[DATA SHOWN]
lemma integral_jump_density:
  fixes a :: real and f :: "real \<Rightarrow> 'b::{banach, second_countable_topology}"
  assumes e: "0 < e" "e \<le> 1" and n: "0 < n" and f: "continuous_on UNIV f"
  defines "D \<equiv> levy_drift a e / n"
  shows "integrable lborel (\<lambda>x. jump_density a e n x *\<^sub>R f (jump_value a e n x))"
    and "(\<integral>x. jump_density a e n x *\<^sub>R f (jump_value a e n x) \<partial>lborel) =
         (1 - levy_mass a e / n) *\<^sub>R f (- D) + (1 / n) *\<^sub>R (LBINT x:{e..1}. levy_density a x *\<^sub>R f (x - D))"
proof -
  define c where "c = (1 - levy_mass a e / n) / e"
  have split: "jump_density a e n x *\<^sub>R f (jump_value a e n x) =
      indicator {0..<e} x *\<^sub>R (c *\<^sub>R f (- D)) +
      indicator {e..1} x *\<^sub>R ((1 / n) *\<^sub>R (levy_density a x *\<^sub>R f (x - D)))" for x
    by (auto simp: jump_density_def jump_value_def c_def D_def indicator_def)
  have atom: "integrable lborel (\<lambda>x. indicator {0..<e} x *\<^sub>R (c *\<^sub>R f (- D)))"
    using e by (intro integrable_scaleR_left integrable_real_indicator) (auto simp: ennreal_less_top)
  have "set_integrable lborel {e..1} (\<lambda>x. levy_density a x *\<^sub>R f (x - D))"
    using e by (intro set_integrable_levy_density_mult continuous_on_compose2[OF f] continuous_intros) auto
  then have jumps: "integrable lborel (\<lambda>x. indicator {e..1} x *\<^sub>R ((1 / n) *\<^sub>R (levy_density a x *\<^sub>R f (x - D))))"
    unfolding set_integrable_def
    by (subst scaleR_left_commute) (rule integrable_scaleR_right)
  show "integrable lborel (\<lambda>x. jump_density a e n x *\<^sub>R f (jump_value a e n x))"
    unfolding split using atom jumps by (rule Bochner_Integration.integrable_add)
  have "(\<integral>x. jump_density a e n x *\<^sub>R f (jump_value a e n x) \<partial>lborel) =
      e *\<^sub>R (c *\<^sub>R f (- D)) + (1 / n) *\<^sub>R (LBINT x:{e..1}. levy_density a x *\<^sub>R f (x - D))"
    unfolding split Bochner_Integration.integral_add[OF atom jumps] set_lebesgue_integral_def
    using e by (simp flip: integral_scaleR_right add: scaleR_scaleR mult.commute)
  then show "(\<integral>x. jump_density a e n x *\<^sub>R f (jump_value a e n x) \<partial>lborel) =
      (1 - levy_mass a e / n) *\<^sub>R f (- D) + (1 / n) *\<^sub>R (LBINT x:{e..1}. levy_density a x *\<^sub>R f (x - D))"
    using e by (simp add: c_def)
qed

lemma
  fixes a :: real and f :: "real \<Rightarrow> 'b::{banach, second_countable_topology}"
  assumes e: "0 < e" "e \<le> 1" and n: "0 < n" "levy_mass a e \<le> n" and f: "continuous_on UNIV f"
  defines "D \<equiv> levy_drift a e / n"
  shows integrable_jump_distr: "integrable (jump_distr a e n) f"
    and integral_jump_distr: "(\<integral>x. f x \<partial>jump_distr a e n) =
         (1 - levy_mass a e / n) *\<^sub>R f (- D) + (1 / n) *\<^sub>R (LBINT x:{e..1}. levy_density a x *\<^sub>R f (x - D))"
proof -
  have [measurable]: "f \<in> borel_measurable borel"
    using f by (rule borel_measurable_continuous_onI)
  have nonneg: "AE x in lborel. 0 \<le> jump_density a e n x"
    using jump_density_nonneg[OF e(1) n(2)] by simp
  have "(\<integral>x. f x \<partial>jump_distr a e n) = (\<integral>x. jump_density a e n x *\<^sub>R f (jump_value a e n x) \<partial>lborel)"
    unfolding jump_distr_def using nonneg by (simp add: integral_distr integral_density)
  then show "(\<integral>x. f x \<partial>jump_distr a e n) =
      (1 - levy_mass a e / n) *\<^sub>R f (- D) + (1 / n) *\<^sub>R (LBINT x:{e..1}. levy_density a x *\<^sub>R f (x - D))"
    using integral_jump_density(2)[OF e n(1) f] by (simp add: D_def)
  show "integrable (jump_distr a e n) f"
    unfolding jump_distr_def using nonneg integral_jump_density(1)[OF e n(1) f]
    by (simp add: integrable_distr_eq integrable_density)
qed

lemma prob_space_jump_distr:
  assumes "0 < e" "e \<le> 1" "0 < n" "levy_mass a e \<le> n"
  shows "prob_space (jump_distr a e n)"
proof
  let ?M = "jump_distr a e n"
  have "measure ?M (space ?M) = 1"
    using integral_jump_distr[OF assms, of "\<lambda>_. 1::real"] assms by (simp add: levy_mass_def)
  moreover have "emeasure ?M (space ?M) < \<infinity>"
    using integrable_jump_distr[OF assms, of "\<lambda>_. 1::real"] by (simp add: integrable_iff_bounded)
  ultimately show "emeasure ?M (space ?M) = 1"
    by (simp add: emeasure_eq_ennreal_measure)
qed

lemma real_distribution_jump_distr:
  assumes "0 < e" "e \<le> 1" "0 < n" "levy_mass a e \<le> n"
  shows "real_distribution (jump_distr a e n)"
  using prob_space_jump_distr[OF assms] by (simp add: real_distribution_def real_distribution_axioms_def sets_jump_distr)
[/DATA SHOWN]
[DATA SHOWN]
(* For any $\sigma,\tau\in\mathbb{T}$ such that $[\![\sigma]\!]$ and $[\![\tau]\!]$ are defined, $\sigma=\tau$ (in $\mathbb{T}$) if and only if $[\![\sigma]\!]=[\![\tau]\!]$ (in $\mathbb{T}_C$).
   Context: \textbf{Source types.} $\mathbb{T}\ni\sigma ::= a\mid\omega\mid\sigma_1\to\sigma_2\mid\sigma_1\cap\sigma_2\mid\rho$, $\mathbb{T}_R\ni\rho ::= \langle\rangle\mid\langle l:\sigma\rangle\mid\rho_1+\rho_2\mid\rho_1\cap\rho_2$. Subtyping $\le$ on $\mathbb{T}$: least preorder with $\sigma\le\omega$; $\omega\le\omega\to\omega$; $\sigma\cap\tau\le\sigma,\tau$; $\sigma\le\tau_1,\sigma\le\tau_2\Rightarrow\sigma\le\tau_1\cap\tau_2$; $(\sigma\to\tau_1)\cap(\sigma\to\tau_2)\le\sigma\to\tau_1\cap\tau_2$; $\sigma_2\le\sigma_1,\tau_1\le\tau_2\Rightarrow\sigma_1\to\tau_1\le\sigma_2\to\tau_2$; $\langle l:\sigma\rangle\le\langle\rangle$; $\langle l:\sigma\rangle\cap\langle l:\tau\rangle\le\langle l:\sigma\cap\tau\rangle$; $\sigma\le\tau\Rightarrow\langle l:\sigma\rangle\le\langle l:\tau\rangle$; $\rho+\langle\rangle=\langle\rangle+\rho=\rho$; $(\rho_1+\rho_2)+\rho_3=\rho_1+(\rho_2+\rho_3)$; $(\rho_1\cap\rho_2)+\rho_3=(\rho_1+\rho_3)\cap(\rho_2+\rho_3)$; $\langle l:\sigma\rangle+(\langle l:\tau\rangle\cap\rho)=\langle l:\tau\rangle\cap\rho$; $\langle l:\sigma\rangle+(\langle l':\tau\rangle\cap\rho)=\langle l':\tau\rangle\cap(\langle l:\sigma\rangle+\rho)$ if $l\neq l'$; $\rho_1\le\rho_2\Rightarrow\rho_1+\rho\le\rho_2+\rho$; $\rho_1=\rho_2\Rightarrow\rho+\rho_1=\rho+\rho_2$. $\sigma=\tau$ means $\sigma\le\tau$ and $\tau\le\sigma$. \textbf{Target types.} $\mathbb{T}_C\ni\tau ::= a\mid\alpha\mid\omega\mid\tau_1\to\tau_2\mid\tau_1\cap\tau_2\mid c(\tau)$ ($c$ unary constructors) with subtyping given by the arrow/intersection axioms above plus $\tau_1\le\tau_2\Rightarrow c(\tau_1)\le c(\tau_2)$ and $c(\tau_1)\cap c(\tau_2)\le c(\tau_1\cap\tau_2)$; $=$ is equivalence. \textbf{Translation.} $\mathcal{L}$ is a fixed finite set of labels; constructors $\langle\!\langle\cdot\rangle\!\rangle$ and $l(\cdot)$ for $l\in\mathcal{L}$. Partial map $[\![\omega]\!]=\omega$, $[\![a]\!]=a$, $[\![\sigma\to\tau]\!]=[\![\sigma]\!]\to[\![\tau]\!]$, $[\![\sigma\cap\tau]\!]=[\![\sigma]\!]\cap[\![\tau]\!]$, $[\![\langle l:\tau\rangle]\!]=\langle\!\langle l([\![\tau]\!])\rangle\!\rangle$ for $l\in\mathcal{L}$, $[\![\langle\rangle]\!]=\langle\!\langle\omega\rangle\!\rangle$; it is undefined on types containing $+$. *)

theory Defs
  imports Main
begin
[/DATA SHOWN]
Every line from the line containing "x *\<^sub>R (c *\<^sub>R f (- D)) +" through the line containing "unfolding split Bochner_Integration.integral_add[OF" in the records above must be retyped exactly. Leave out the rest.

      indicator {0..<e} x *\<^sub>R (c *\<^sub>R f (- D)) +
      indicator {e..1} x *\<^sub>R ((1 / n) *\<^sub>R (levy_density a x *\<^sub>R f (x - D)))" for x
    by (auto simp: jump_density_def jump_value_def c_def D_def indicator_def)
  have atom: "integrable lborel (\<lambda>x. indicator {0..<e} x *\<^sub>R (c *\<^sub>R f (- D)))"
    using e by (intro integrable_scaleR_left integrable_real_indicator) (auto simp: ennreal_less_top)
  have "set_integrable lborel {e..1} (\<lambda>x. levy_density a x *\<^sub>R f (x - D))"
    using e by (intro set_integrable_levy_density_mult continuous_on_compose2[OF f] continuous_intros) auto
  then have jumps: "integrable lborel (\<lambda>x. indicator {e..1} x *\<^sub>R ((1 / n) *\<^sub>R (levy_density a x *\<^sub>R f (x - D))))"
    unfolding set_integrable_def
    by (subst scaleR_left_commute) (rule integrable_scaleR_right)
  show "integrable lborel (\<lambda>x. jump_density a e n x *\<^sub>R f (jump_value a e n x))"
    unfolding split using atom jumps by (rule Bochner_Integration.integrable_add)
  have "(\<integral>x. jump_density a e n x *\<^sub>R f (jump_value a e n x) \<partial>lborel) =
      e *\<^sub>R (c *\<^sub>R f (- D)) + (1 / n) *\<^sub>R (LBINT x:{e..1}. levy_density a x *\<^sub>R f (x - D))"
    unfolding split Bochner_Integration.integral_add[OF atom jumps] set_lebesgue_integral_def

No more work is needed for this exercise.